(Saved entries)
- - -

(* Writing e = u kappa + v zeta as the pair (pi e, nu e) identifies E with F_2^2, and an E-linear
   code C with the pair R = C_Res, T = C_Tor: C consists of the vectors x with pi x in R and
   nu x in T, and R is contained in T. Since pi(ab) = pi a pi b and nu(ab) = nu a pi b, the
   E-valued symplectic form splits into <pi x, pi y> and <nu x, pi y>, so the three duals of C
   are again of this shape, with pairs (R^perp, R^perp), (T^perp, F_2^2n) and (T^perp, R^perp).
   Binary double duality B^perp^perp = B then gives C^perp^perp = C, and C^perp_L^perp_L = C when
   R = T; when T = F_2^2n, the right dual (0, F_2^2n) is a subcode of C which is its own right
   dual. Each identity follows because every hull is D \<inter> D^perp. *)

(* HOL-Library.Z2 rewrites + and * on bits to xor and and, which blocks ring reasoning. *)
declare add_bit_eq_xor [simp del] mult_bit_eq_and [simp del]

lemma bit_cases: "(a::bit) = 0 \<or> a = 1"
  using bit_not_zero_iff by blast

lemma bit_add_self [simp]: "(a::bit) + a = 0"
  by (simp flip: mult_2)

section \<open>Separation by dot products in F_2^m\<close>

definition dot :: "bit list \<Rightarrow> bit list \<Rightarrow> bit" where
  "dot c v = (\<Sum>i<length v. c ! i * v ! i)"

lemma dot_Cons [simp]: "dot (a # c) (b # v) = a * b + dot c v"
  unfolding dot_def by (simp only: length_Cons sum.lessThan_Suc_shift nth_Cons_0 nth_Cons_Suc)

lemma dot_replicate_zero [simp]: "dot (replicate (length v) 0) v = 0"
  unfolding dot_def by simp

lemma dot_add_scaled:
  assumes "length u = length v"
  shows "dot c (map2 (+) u (map ((*) a) v)) = dot c u + a * dot c v"
  using assms unfolding dot_def
  by (simp add: sum.distrib sum_distrib_left algebra_simps)

definition bin_subspace :: "nat \<Rightarrow> bit list set \<Rightarrow> bool" where
  "bin_subspace m A \<longleftrightarrow> (\<forall>v\<in>A. length v = m) \<and> replicate m 0 \<in> A
     \<and> (\<forall>u\<in>A. \<forall>v\<in>A. map2 (+) u v \<in> A)"

lemma bin_subspace_nonempty: "bin_subspace m A \<Longrightarrow> A \<noteq> {}"
  unfolding bin_subspace_def by auto

lemma bin_subspace_scale:
  assumes "bin_subspace m A" "v \<in> A"
  shows "map ((*) a) v \<in> A"
proof -
  have "replicate m 0 \<in> A" "length v = m"
    using assms unfolding bin_subspace_def by auto
  moreover have "map ((*) a) v = (if a = 0 then replicate (length v) 0 else v)"
    using bit_cases[of a] by (intro nth_equalityI) auto
  ultimately show ?thesis using assms(2) by simp
qed
text \<open>Every summand of \<open>Pf J\<close> is \<open>0\<close> or \<open>1\<close>: a nonzero product forces \<open>\<sigma>\<close> to map pairs
  onto pairs, and then the sign of \<open>\<sigma>\<close> and the product are the same power of \<open>-1\<close>.\<close>

lemma pfaffian_omega_std_term_nonneg:
  fixes \<sigma> :: "'k::finite \<times> bool \<Rightarrow> 'k \<times> bool"
  assumes \<sigma>: "\<sigma> permutes UNIV"
  shows "0 \<le> of_int (sign \<sigma>) * (\<Prod>k\<in>UNIV. omega_std x $ \<sigma> (k, False) $ \<sigma> (k, True))"
proof (cases "\<exists>k. omega_std x $ \<sigma> (k, False) $ \<sigma> (k, True) = 0")
  case True
  then have "(\<Prod>k\<in>UNIV. omega_std x $ \<sigma> (k, False) $ \<sigma> (k, True)) = 0"
    by (metis finite iso_tuple_UNIV_I prod_zero)
  then show ?thesis
    by (metis mult_zero_right order_refl)
next
  case False
  then have pairs: "\<sigma> (k, True) = (fst (\<sigma> (k, False)), \<not> snd (\<sigma> (k, False)))" for k
    by (metis omega_std_entry)
  define K where "K = {k. snd (\<sigma> (k, False))}"
  have "(\<Prod>k\<in>UNIV. omega_std x $ \<sigma> (k, False) $ \<sigma> (k, True)) = (\<Prod>k\<in>UNIV. if k \<in> K then -1 else 1)"
    using pairs by (intro prod.cong) (auto simp: omega_std_entry K_def)
  also have "\<dots> = (-1) ^ card K"
    by (simp add: prod.If_cases)
  finally show ?thesis
    using sign_pair_preserving_perm[OF \<sigma> pairs]
    by (simp add: K_def power_mult_distrib[symmetric])
qed
lemma IGamma_transport:
  assumes Q: "q_compat q q'"
  shows "T ` IGamma G q = IGamma G' q'"
  unfolding IGamma_def
proof (rule ideal_transport)
  show "\<forall>s\<in>rels G q. T s \<in> ideal_gen G' (rels G' q')"
  proof (cases "special G")
    case True
    then have "rels G q = {basis (Hs G, [X, X])}" "rels G' q' = {basis (Hs G', [X, X])}"
      using special' by (simp_all add: rels_def)
    then show ?thesis using T_special[OF True] by (auto intro: ideal_gen.gen)
  qed (use rels_fwd[OF Q] in blast)
  show "\<forall>s'\<in>rels G' q'. \<exists>w\<in>ideal_gen G (rels G q). T w = s'"
  proof (cases "special G")
    case True
    then have "rels G q = {basis (Hs G, [X, X])}" "rels G' q' = {basis (Hs G', [X, X])}"
      using special' by (simp_all add: rels_def)
    then show ?thesis using T_special[OF True] by (auto intro: ideal_gen.gen)
  qed (use rels_bwd[OF Q] in blast)
qed

end

lemma qiso_transport:
  assumes "is_bgraph G" "bgiso G G' fv fh" "bgraph_iso.q_compat G fh q q'"
  shows "qiso G q G' q' fv fh"
proof -
  interpret bgraph_iso G G' fv fh using assms(1,2) by unfold_locales
  show ?thesis unfolding qiso_def using assms(2) IGamma_transport[OF assms(3)] by simp
qed
lemma log_series_le:
  assumes "0 \<le> t" "t \<le> 1"
  shows "log_series K t \<le> (\<Sum>j=1..K. central_binom j)"
  unfolding log_series_def
proof (intro sum_mono)
  fix j assume j: "j \<in> {1..K}"
  have "t^j \<le> 1" using assms by (simp add: power_le_one)
  hence "t^j / j \<le> 1" using j by (simp add: divide_le_eq)
  thus "central_binom j * t^j / j \<le> central_binom j"
    using central_binom_nonneg mult_left_mono[of "t^j / j" 1 "central_binom j"] by simp
qed

lemma profile_range:
  assumes "0 < t" "t \<le> 1"
  shows "0 \<le> profile t" "profile t \<le> 2"
proof -
  have ln2: "ln (2::real) \<le> 1" using ln_2_less_1 by simp
  have "0 \<le> profile t \<and> profile t \<le> 2"
  proof (cases "1/4 \<le> t")
    case True
    have "- ln t \<le> - ln (1/4)" using True by simp
    also have "- ln (1/4::real) = 2 * ln 2"
      using ln_realpow[of 2 2] by (simp add: ln_div)
    finally show ?thesis using True assms ln2 by (simp add: profile_def)
  next
    case False
    have "1/2 \<le> root_plus t" "root_plus t \<le> 1"
      using False assms by (auto simp: root_plus_def)
    hence "ln (1/2) \<le> ln (root_plus t)" "ln (root_plus t) \<le> 0" by auto
    thus ?thesis using False ln2 by (simp add: profile_def ln_div)
  qed
  thus "0 \<le> profile t" "profile t \<le> 2" by auto
qed
(* Let $I$ be an interpretation and let $\delta,\delta'$ be objects of $D_A\sqcup SD_A$ (a type or a finite list of types). If there is a morphism $f:\delta\to\delta'$ (in $D_A$ or in $SD_A$), then $\llbracket\delta\rrbracket_I\subseteq\llbracket\delta'\rrbracket_I$.
   Context: $[n]=\{1,\dots,n\}$. Fix a class $\mathcal C$ of functions between finite ordinals equal to one of: all bijections, all injections, all surjections, all functions. For a small category $X$, $SX$ has finite lists of objects of $X$ as objects and morphisms $\langle x_1,\dots,x_n\rangle\to\langle y_1,\dots,y_m\rangle$ the tuples $\langle\alpha,f_1,\dots,f_m\rangle$ with $\alpha:[m]\to[n]$ in $\mathcal C$ and $f_i:x_{\alpha(i)}\to y_i$; composite of $\langle\alpha,\vec f\rangle$ then $\langle\beta,\vec g\rangle$ is $\langle\alpha\circ\beta,(g_i\circ f_{\beta(i)})_i\rangle$. Fix a small category $A$. $D_A$ is the colimit of $D_0=A$, $D_{k+1}=(SD_k)^{o}\times D_k\sqcup A$ along canonical inclusions: objects (types) $a::=o\mid\langle a_1,\dots,a_k\rangle\Rightarrow a$ ($o\in\mathrm{Ob}(A)$); morphisms are those of $A$ and $\langle\alpha,\vec f\rangle\Rightarrow f:(\vec a\Rightarrow a)\to(\vec a'\Rightarrow a')$ for $\langle\alpha,\vec f\rangle:\vec a'\to\vec a$ in $SD_A$ and $f:a\to a'$; no others. $SD_A=S(D_A)$. $\Lambda$ is the set of $\lambda$-terms. $\mathcal X\subseteq\Lambda$ is saturated if $M[N/x]N_1\cdots N_n\in\mathcal X$ implies $(\lambda x.M)N N_1\cdots N_n\in\mathcal X$. For $\mathcal X_1,\mathcal X_2\subseteq\Lambda$, $\mathcal X_1\Rightarrow\mathcal X_2=\{M\mid\forall N\in\mathcal X_1,\ MN\in\mathcal X_2\}$. An interpretation is a functor $I$ from $A$ to the poset of saturated subsets of $\Lambda$ ordered by inclusion. Realizers: $\llbracket o\rrbracket_I=I(o)$, $\llbracket\langle\rangle\rangle\rrbracket_I$ is replaced by $\llbracket\langle\rangle\rrbracket_I=\Lambda$, $\llbracket\langle a_1,\dots,a_k\rangle\rrbracket_I=\bigcap_{i=1}^k\llbracket a_i\rrbracket_I$ for $k\ge1$, $\llbracket\vec a\Rightarrow a\rrbracket_I=\llbracket\vec a\rrbracket_I\Rightarrow\llbracket a\rrbracket_I$. *)

theory Defs
  imports Main
begin

record ('o, 'm) cat =
  hom  :: "'o \<Rightarrow> 'o \<Rightarrow> 'm set"
  idm  :: "'o \<Rightarrow> 'm"
  comp :: "'m \<Rightarrow> 'm \<Rightarrow> 'm"   (* comp g f = g o f *)

definition category :: "('o, 'm) cat \<Rightarrow> bool" where
  "category A \<longleftrightarrow>
     (\<forall>a. idm A a \<in> hom A a a) \<and>
     (\<forall>a b c f g. f \<in> hom A a b \<longrightarrow> g \<in> hom A b c \<longrightarrow> comp A g f \<in> hom A a c) \<and>
     (\<forall>a b f. f \<in> hom A a b \<longrightarrow> comp A f (idm A a) = f \<and> comp A (idm A b) f = f) \<and>
     (\<forall>a b c d f g h. f \<in> hom A a b \<longrightarrow> g \<in> hom A b c \<longrightarrow> h \<in> hom A c d \<longrightarrow>
        comp A h (comp A g f) = comp A (comp A h g) f) \<and>
     (\<forall>a b a' b' f. f \<in> hom A a b \<longrightarrow> f \<in> hom A a' b' \<longrightarrow> a = a' \<and> b = b')"

datatype fclass = Bijections | Injections | Surjections | AllFunctions

text \<open>A function alpha : [m] -> [n] is represented by the list [alpha(1),...,alpha(m)]
  with entries in {1..n}.\<close>

definition is_fun :: "nat list \<Rightarrow> nat \<Rightarrow> nat \<Rightarrow> bool" where
  "is_fun al m n \<longleftrightarrow> length al = m \<and> set al \<subseteq> {1..n}"

fun in_class :: "fclass \<Rightarrow> nat list \<Rightarrow> nat \<Rightarrow> nat \<Rightarrow> bool" where
  "in_class Bijections al m n = (is_fun al m n \<and> distinct al \<and> set al = {1..n})"
| "in_class Injections al m n = (is_fun al m n \<and> distinct al)"
| "in_class Surjections al m n = (is_fun al m n \<and> set al = {1..n})"
| "in_class AllFunctions al m n = is_fun al m n"

datatype 'o ty = Atom 'o | Fun "'o ty list" "'o ty"

datatype 'm dmor = Base 'm | Arr "nat list" "'m dmor list" "'m dmor"

text \<open>is_dmor A C f a b: f is a morphism a -> b in D_A.
  is_smor A C (al, fs) xs ys: <al, fs> is a morphism xs -> ys in SD_A, where
  al : [length ys] -> [length xs] in C and fs!(i-1) : xs_(al(i)) -> ys_i.\<close>

inductive is_dmor :: "('o, 'm) cat \<Rightarrow> fclass \<Rightarrow> 'm dmor \<Rightarrow> 'o ty \<Rightarrow> 'o ty \<Rightarrow> bool"
  and is_smor :: "('o, 'm) cat \<Rightarrow> fclass \<Rightarrow> nat list \<times> 'm dmor list \<Rightarrow> 'o ty list \<Rightarrow> 'o ty list \<Rightarrow> bool"
  for A :: "('o, 'm) cat" and C :: fclass where
  base: "f \<in> hom A o1 o2 \<Longrightarrow> is_dmor A C (Base f) (Atom o1) (Atom o2)"
| arr: "is_smor A C (al, fs) as' as \<Longrightarrow> is_dmor A C f a a' \<Longrightarrow>
        is_dmor A C (Arr al fs f) (Fun as a) (Fun as' a')"
| seq: "in_class C al (length ys) (length xs) \<Longrightarrow> length fs = length ys \<Longrightarrow>
        (\<forall>i < length ys. is_dmor A C (fs ! i) (xs ! (al ! i - 1)) (ys ! i)) \<Longrightarrow>
        is_smor A C (al, fs) xs ys"

datatype lterm = Var nat | App lterm lterm | Lam lterm

primrec lift :: "lterm \<Rightarrow> nat \<Rightarrow> lterm" where
  "lift (Var i) k = (if i < k then Var i else Var (i + 1))"
| "lift (App s t) k = App (lift s k) (lift t k)"
| "lift (Lam s) k = Lam (lift s (k + 1))"

primrec subst :: "lterm \<Rightarrow> lterm \<Rightarrow> nat \<Rightarrow> lterm" where
  "subst (Var i) s k = (if k < i then Var (i - 1) else if i = k then s else Var i)"
| "subst (App t u) s k = App (subst t s k) (subst u s k)"
| "subst (Lam t) s k = Lam (subst t (lift s 0) (k + 1))"

definition apps :: "lterm \<Rightarrow> lterm list \<Rightarrow> lterm" where
  "apps M Ns = foldl App M Ns"

definition saturated :: "lterm set \<Rightarrow> bool" where
  "saturated X \<longleftrightarrow> (\<forall>M N Ns. apps (subst M N 0) Ns \<in> X \<longrightarrow> apps (App (Lam M) N) Ns \<in> X)"

definition arrow :: "lterm set \<Rightarrow> lterm set \<Rightarrow> lterm set" where
  "arrow X1 X2 = {M. \<forall>N \<in> X1. App M N \<in> X2}"

definition is_interpretation :: "('o, 'm) cat \<Rightarrow> ('o \<Rightarrow> lterm set) \<Rightarrow> bool" where
  "is_interpretation A I \<longleftrightarrow> (\<forall>o1. saturated (I o1)) \<and>
     (\<forall>o1 o2 f. f \<in> hom A o1 o2 \<longrightarrow> I o1 \<subseteq> I o2)"

primrec rlz :: "('o \<Rightarrow> lterm set) \<Rightarrow> 'o ty \<Rightarrow> lterm set"
  and rlz_list :: "('o \<Rightarrow> lterm set) \<Rightarrow> 'o ty list \<Rightarrow> lterm set" where
  "rlz I (Atom o1) = I o1"
| "rlz I (Fun as a) = arrow (rlz_list I as) (rlz I a)"
| "rlz_list I [] = UNIV"
| "rlz_list I (a # as) = rlz I a \<inter> rlz_list I as"

end

theory Submission
  imports Defs
begin

text \<open>At an arrow type the morphism of argument lists runs in the opposite direction, which is
  exactly what the contravariance of \<open>arrow\<close> in its first argument needs. At a list, every
  entry of the target receives a morphism from some entry of the source, and the source
  realizers are an intersection containing that entry's realizers.\<close>

lemma rlz_list_conv_INT: "rlz_list I xs = (\<Inter>x\<in>set xs. rlz I x)"
  by (induction xs) auto

lemma arrow_mono: "X' \<subseteq> X \<Longrightarrow> Y \<subseteq> Y' \<Longrightarrow> arrow X Y \<subseteq> arrow X' Y'"
  by (auto simp: arrow_def)

lemma in_class_is_fun: "in_class C al m n \<Longrightarrow> is_fun al m n"
  by (cases C) auto

lemma is_fun_nth_index:
  assumes "is_fun al m n" and "i < m"
  shows "al ! i - 1 < n"
proof -
  have "al ! i \<in> set al" using assms by (simp add: is_fun_def)
  then show ?thesis using assms(1) by (force simp: is_fun_def)
qed

lemma
  assumes "is_interpretation A I"
  shows rlz_mono_dmor: "is_dmor A C f a a' \<Longrightarrow> rlz I a \<subseteq> rlz I a'"
    and rlz_list_mono_smor: "is_smor A C g xs ys \<Longrightarrow> rlz_list I xs \<subseteq> rlz_list I ys"
proof (induction rule: is_dmor_is_smor.inducts)
  case (base f o1 o2)
  then show ?case using assms by (auto simp: is_interpretation_def)
next
  case (arr al fs as' as f a a')
  then show ?case by (simp add: arrow_mono)
next
  case (seq al ys xs fs)
  have "rlz_list I xs \<subseteq> rlz I (ys ! i)" if "i < length ys" for i
  proof -
    have "al ! i - 1 < length xs"
      using is_fun_nth_index[OF in_class_is_fun[OF seq(1)] that] .
    then have "rlz_list I xs \<subseteq> rlz I (xs ! (al ! i - 1))"
      by (auto simp: rlz_list_conv_INT)
    then show ?thesis using seq.IH that by blast
  qed
  then show ?case unfolding rlz_list_conv_INT[of I ys] by (metis INT_greatest in_set_conv_nth)
qed

theorem lemma4:
  fixes A :: "('o, 'm) cat" and C :: fclass and I :: "'o \<Rightarrow> lterm set"
  assumes "category A" and "is_interpretation A I"
  shows "(\<forall>f a a'. is_dmor A C f a a' \<longrightarrow> rlz I a \<subseteq> rlz I a') \<and>
         (\<forall>g xs ys. is_smor A C g xs ys \<longrightarrow> rlz_list I xs \<subseteq> rlz_list I ys)"
  using rlz_mono_dmor[OF assms(2)] rlz_list_mono_smor[OF assms(2)] by blast

end
(* Let $m,n\geq 2$. There exists a $\mathrm{M}^0_{\mathbb Z_{mn+1}^*}(m,n;n,m)$ (an $m\times n$ array with no empty cells) if and only if $mn+1$ is odd and $mn+1>5$.
   Context: For an abelian group $\Gamma$ and $\Omega\subseteq\Gamma$, a zero-sum magic partially filled array $\mathrm{M}^0_\Omega(m,n;s,k)$ is an $m\times n$ array, some cells of which may be empty, with entries in $\Omega$ in which every element of $\Omega$ appears exactly once, each row has exactly $s$ and each column exactly $k$ filled cells, and all row and column sums equal $0_\Gamma$. $\mathbb Z_N$ is the cyclic group of order $N$ and $\mathbb Z_N^*=\mathbb Z_N\setminus\{0\}$. *)

theory Defs
  imports Main
begin

text \<open>Elements of the cyclic group Z_N are represented by their canonical
representatives 0..N-1 (natural numbers); addition is taken modulo N.
A partially filled m x n array is a function A :: nat => nat => nat option,
only the cells (i,j) with i < m, j < n being relevant; None = empty cell.\<close>

definition zero_sum_magic_pfa ::
  "nat \<Rightarrow> nat set \<Rightarrow> nat \<Rightarrow> nat \<Rightarrow> nat \<Rightarrow> nat \<Rightarrow> (nat \<Rightarrow> nat \<Rightarrow> nat option) \<Rightarrow> bool" where
  "zero_sum_magic_pfa N \<Omega> m n s k A \<longleftrightarrow>
     \<Omega> \<subseteq> {0..<N} \<and>
     (\<forall>i<m. \<forall>j<n. \<forall>x. A i j = Some x \<longrightarrow> x \<in> \<Omega>) \<and>
     (\<forall>x\<in>\<Omega>. card {(i, j). i < m \<and> j < n \<and> A i j = Some x} = 1) \<and>
     (\<forall>i<m. card {j. j < n \<and> A i j \<noteq> None} = s) \<and>
     (\<forall>j<n. card {i. i < m \<and> A i j \<noteq> None} = k) \<and>
     (\<forall>i<m. (\<Sum>j\<in>{j. j < n \<and> A i j \<noteq> None}. the (A i j)) mod N = 0) \<and>
     (\<forall>j<n. (\<Sum>i\<in>{i. i < m \<and> A i j \<noteq> None}. the (A i j)) mod N = 0)"

definition Zstar :: "nat \<Rightarrow> nat set" where
  "Zstar N = {1..<N}"

end

theory Submission
  imports Defs
begin

text \<open>
  Necessity: a full array over \<open>\<int>\<^sub>N\<^sup>*\<close>, \<open>N = mn + 1\<close>, contains every nonzero residue once, so its
  row sums add up to \<open>1 + \<dots> + (N - 1)\<close>, which is \<open>N/2 \<noteq> 0\<close> modulo an even \<open>N\<close>; for \<open>N = 5\<close>
  the \<open>2 \<times> 2\<close> array would need \<open>a + b = a + c = 5\<close> with \<open>b \<noteq> c\<close>.

  Sufficiency: reducing modulo \<open>N\<close> maps \<open>\<plusminus>1, \<dots>, \<plusminus>mn/2\<close> bijectively onto \<open>\<int>\<^sub>N\<^sup>*\<close>, so it is
  enough to build a signed magic array, i.e. one with these entries whose line sums vanish (in
  \<open>\<int>\<close>, or just modulo \<open>N\<close>). Such arrays are glued from smaller ones: a sign balanced block can be
  appended after moving its entries away from zero. The seeds are a \<open>2 \<times> 4\<close> block, a
  \<open>6 \<times> 6\<close> square, two families with 3 and 5 columns obtained by permuting a fixed content in each
  row, and, for two rows, a top row \<open>\<plusminus>1, \<dots>, \<plusminus>n\<close> whose sum is \<open>0\<close> modulo \<open>2n + 1\<close>.
\<close>

lemma less_4_cases: "(k::nat) < 4 \<longleftrightarrow> k = 0 \<or> k = 1 \<or> k = 2 \<or> k = 3" by auto

lemma less_5_cases: "(k::nat) < 5 \<longleftrightarrow> k = 0 \<or> k = 1 \<or> k = 2 \<or> k = 3 \<or> k = 4" by auto

lemma less_8_cases: "(k::nat) < 8 \<longleftrightarrow> k = 0 \<or> k = 1 \<or> k = 2 \<or> k = 3 \<or> k = 4 \<or> k = 5 \<or> k = 6 \<or> k = 7" by auto

lemma sum_lessThan_add_split:
  fixes n1 n2 :: nat
  shows "(\<Sum>j<n1 + n2. f j) = (\<Sum>j<n1. f j) + (\<Sum>j<n2. f (j + n1))"
proof -
  have "(\<Sum>j<n1 + n2. f j) = (\<Sum>j\<in>{0..<n1}. f j) + (\<Sum>j\<in>{n1..<n1 + n2}. f j)"
    by (simp add: sum.atLeastLessThan_concat lessThan_atLeast0)
  also have "(\<Sum>j\<in>{n1..<n1 + n2}. f j) = (\<Sum>j<n2. f (j + n1))"
    using sum.shift_bounds_nat_ivl[of f 0 n1 n2] by (simp add: lessThan_atLeast0 add.commute)
  finally show ?thesis by (simp add: lessThan_atLeast0)
qed

lemma inj_on_card_eq_imp_bij_betw:
  assumes "finite Y" "inj_on f X" "f ` X \<subseteq> Y" "card X = card Y"
  shows "bij_betw f X Y"
proof -
  have "f ` X = Y"
    using assms card_image[OF assms(2)] by (intro card_subset_eq) auto
  then show ?thesis using assms(2) by (simp add: bij_betw_def)
qed

lemma bij_betw_iff_card_fibers:
  assumes "h ` X \<subseteq> Y"
  shows "bij_betw h X Y \<longleftrightarrow> (\<forall>y\<in>Y. card {x \<in> X. h x = y} = 1)"
proof
  assume bij: "bij_betw h X Y"
  show "\<forall>y\<in>Y. card {x \<in> X. h x = y} = 1"
  proof
    fix y assume "y \<in> Y"
    then obtain x where "x \<in> X" "h x = y" using bij unfolding bij_betw_def by blast
    then have "{x \<in> X. h x = y} = {x}"
      using bij unfolding bij_betw_def inj_on_def by blast
    then show "card {x \<in> X. h x = y} = 1" by simp
  qed
next
  assume fibers: "\<forall>y\<in>Y. card {x \<in> X. h x = y} = 1"
  have "inj_on h X"
  proof (rule inj_onI)
    fix x x' assume "x \<in> X" "x' \<in> X" "h x = h x'"
    moreover obtain z where "{w \<in> X. h w = h x} = {z}"
      using assms fibers \<open>x \<in> X\<close> by (metis card_1_singletonE image_subset_iff)
    ultimately show "x = x'" by (metis (mono_tags, lifting) mem_Collect_eq singletonD)
  qed
  moreover have "Y \<subseteq> h ` X"
  proof
    fix y assume "y \<in> Y"
    then obtain x where "{w \<in> X. h w = y} = {x}" using fibers by (metis card_1_singletonE)
    then have "x \<in> X" "h x = y" by auto
    then show "y \<in> h ` X" by blast
  qed
  ultimately show "bij_betw h X Y" using assms by (auto simp: bij_betw_def)
qed

lemma bij_betw_nth_permutation:
  assumes "distinct xs" "set xs = {..<n}"
  shows "bij_betw ((!) xs) {..<n} {..<n}"
proof -
  have "length xs = n" using distinct_card[OF assms(1)] assms(2) by simp
  then show ?thesis using assms by (intro bij_betw_nth) auto
qed

lemma sum_nat_mod_eq_zero:
  fixes N :: nat
  assumes "N > 0" "(\<Sum>j\<in>J. f j) mod int N = 0"
  shows "(\<Sum>j\<in>J. nat (f j mod int N)) mod N = 0"
proof -
  have "int (\<Sum>j\<in>J. nat (f j mod int N)) = (\<Sum>j\<in>J. f j mod int N)"
    using assms(1) by simp
  then have "int ((\<Sum>j\<in>J. nat (f j mod int N)) mod N) = (\<Sum>j\<in>J. f j) mod int N"
    by (simp add: of_nat_mod mod_sum_eq)
  then show ?thesis using assms(2) by simp
qed

lemma sum_mod_eq_zero_if_row_sums:
  assumes "bij_betw h ({..<m} \<times> {..<n}) S" "\<And>i. i < m \<Longrightarrow> (\<Sum>j<n. h (i, j)) mod (N::nat) = 0"
  shows "(\<Sum>x\<in>S. x) mod N = 0"
proof -
  have "(\<Sum>x\<in>S. x) = (\<Sum>i<m. \<Sum>j<n. h (i, j))"
    using sum.reindex_bij_betw[OF assms(1), of "\<lambda>x. x"] by (simp add: sum.cartesian_product)
  also have "\<dots> mod N = (\<Sum>i<m. (\<Sum>j<n. h (i, j)) mod N) mod N"
    by (simp add: mod_sum_eq)
  finally show ?thesis using assms(2) by simp
qed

- - -

# [WHAT NEEDS TO BE DONE]
The answer should contain only the lines from the first line of the entries through the line holding "code C with", each exactly as written.

# [FINISHED TASK]
(* Writing e = u kappa + v zeta as the pair (pi e, nu e) identifies E with F_2^2, and an E-linear
   code C with the pair R = C_Res, T = C_Tor: C consists of the vectors x with pi x in R and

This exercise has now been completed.